→ What is needed: Search the data for the string "True" and gather each line it is in.

____

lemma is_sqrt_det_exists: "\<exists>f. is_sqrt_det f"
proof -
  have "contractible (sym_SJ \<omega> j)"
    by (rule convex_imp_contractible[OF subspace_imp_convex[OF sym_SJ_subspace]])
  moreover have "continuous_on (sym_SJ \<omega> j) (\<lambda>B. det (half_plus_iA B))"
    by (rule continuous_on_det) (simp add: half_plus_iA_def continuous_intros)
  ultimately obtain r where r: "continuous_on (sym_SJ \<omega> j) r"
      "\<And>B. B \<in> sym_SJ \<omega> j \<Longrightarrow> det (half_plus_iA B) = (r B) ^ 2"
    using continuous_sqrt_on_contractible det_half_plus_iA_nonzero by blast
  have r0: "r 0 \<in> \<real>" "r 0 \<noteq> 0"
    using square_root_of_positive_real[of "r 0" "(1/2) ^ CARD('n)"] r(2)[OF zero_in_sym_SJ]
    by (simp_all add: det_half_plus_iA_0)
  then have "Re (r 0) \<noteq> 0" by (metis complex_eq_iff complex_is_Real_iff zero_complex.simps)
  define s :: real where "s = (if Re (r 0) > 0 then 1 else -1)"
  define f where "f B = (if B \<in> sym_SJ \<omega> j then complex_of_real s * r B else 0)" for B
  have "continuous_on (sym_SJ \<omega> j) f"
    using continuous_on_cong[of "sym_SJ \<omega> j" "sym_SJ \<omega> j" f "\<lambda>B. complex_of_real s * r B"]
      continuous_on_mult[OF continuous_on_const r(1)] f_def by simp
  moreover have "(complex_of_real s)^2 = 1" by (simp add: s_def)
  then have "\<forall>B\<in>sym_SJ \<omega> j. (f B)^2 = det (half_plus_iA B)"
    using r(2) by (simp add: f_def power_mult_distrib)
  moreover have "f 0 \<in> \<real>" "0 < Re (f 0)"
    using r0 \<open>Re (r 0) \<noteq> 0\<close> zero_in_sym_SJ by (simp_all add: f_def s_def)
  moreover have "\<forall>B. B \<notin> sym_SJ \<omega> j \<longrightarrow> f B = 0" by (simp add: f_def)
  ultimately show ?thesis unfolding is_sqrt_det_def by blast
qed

____

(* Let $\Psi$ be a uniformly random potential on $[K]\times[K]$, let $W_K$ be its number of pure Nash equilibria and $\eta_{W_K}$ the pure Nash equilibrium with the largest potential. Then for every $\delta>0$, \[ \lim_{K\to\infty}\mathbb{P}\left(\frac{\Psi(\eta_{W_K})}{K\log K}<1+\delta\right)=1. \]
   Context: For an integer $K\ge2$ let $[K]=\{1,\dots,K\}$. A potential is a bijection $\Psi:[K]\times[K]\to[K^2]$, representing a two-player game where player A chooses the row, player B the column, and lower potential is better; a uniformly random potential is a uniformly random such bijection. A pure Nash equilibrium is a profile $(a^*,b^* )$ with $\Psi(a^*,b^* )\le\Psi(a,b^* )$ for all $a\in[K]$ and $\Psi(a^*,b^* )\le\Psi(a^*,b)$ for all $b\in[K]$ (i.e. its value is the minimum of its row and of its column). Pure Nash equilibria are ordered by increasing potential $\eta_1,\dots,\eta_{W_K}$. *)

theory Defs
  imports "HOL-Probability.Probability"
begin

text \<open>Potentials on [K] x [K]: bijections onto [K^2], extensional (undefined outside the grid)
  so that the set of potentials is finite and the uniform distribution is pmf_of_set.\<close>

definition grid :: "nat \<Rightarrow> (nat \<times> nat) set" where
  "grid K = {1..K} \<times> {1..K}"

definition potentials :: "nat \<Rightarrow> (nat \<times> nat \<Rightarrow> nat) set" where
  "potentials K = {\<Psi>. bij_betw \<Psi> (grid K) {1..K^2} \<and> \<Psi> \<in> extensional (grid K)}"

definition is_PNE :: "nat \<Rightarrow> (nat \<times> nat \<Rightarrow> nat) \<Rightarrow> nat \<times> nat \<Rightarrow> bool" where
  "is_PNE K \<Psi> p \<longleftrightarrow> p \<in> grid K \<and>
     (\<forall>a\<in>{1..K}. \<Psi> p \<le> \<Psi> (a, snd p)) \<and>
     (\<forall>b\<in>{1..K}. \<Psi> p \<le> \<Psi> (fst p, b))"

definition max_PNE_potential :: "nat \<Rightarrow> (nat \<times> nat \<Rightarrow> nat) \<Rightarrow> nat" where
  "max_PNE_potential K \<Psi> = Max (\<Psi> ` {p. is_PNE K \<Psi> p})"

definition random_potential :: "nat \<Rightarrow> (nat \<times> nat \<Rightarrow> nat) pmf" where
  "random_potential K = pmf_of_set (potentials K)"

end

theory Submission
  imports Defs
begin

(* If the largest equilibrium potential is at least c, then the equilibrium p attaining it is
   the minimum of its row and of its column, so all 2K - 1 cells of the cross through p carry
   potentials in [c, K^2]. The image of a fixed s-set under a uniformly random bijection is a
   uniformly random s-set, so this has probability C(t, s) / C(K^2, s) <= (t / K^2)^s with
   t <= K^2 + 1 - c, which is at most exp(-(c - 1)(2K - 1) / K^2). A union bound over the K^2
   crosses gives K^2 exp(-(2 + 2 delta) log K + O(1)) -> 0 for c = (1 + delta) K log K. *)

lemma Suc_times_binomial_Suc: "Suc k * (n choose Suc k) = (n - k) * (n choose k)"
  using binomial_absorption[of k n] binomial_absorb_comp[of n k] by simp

____

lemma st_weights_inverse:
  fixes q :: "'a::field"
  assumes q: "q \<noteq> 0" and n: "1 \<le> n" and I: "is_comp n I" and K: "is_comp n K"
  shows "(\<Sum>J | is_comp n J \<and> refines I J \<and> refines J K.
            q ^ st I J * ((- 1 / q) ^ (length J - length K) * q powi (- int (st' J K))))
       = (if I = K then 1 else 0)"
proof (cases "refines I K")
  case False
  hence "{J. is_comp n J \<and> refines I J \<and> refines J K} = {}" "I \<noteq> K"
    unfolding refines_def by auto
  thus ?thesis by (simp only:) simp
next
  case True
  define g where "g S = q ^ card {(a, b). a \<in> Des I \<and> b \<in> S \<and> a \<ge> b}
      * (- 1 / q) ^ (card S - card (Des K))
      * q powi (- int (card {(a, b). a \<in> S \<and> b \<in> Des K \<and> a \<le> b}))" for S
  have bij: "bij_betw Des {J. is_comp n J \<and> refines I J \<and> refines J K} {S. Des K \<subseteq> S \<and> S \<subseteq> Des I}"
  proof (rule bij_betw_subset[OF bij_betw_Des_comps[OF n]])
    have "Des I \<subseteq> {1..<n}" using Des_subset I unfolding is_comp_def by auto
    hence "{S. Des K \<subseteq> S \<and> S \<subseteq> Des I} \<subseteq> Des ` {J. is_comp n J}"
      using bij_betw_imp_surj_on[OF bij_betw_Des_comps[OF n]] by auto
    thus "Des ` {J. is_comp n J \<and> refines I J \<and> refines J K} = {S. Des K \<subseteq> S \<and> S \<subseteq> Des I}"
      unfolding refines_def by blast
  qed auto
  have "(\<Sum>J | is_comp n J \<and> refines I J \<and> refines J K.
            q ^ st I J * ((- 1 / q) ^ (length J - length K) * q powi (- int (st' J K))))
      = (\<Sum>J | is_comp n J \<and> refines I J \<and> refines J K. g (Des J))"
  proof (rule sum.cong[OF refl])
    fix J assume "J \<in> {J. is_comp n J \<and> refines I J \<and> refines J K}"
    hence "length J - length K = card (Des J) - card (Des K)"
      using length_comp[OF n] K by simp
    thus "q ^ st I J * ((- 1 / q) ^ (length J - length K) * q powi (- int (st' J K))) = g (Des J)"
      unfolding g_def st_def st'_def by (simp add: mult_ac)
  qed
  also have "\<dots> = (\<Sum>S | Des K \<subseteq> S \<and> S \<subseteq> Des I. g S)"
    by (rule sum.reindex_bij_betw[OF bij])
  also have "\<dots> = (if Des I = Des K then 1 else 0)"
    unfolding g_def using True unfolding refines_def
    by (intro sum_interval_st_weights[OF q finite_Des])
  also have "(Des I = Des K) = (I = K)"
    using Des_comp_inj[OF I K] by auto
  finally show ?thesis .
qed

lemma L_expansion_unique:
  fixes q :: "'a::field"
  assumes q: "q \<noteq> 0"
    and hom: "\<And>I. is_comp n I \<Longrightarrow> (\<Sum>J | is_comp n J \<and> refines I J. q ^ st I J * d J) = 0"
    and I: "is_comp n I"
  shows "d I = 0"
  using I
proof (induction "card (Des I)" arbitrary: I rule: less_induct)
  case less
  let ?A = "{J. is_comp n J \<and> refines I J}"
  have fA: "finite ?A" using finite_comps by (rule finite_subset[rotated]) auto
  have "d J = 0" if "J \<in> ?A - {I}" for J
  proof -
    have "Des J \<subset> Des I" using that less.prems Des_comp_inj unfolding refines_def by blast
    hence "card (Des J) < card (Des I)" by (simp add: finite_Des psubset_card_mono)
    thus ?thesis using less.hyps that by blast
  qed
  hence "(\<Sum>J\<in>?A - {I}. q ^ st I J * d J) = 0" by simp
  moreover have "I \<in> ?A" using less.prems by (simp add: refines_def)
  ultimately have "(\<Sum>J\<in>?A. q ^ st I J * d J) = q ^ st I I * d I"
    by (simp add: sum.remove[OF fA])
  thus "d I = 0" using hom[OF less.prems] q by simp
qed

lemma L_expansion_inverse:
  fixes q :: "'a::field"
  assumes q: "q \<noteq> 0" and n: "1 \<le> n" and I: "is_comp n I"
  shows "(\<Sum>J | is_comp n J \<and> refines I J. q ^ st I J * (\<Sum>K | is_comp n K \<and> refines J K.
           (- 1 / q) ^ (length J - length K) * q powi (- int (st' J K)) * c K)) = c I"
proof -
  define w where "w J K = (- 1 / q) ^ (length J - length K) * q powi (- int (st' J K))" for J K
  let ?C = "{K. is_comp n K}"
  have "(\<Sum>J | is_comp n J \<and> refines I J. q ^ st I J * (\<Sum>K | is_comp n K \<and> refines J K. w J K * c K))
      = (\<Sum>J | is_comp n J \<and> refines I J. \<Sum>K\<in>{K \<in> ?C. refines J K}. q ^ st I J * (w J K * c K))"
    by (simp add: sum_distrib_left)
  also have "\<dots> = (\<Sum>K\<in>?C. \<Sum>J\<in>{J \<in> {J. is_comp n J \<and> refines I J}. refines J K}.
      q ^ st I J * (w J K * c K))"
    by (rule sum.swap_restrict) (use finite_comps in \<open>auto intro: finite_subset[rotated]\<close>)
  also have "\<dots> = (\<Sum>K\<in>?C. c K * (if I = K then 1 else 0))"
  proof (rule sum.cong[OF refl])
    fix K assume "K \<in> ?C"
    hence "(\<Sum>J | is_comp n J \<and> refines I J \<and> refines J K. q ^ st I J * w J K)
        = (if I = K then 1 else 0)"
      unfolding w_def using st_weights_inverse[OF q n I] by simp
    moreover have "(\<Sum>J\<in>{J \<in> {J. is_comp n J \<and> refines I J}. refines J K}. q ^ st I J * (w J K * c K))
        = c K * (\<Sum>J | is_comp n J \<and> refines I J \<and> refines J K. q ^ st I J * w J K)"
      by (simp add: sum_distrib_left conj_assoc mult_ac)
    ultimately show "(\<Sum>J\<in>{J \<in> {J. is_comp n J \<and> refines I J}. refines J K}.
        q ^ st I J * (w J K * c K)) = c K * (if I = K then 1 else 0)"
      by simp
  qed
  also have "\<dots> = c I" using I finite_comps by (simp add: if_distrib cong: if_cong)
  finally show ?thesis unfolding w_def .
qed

____

→ Task response:
  case True
    unfolding g_def using True unfolding refines_def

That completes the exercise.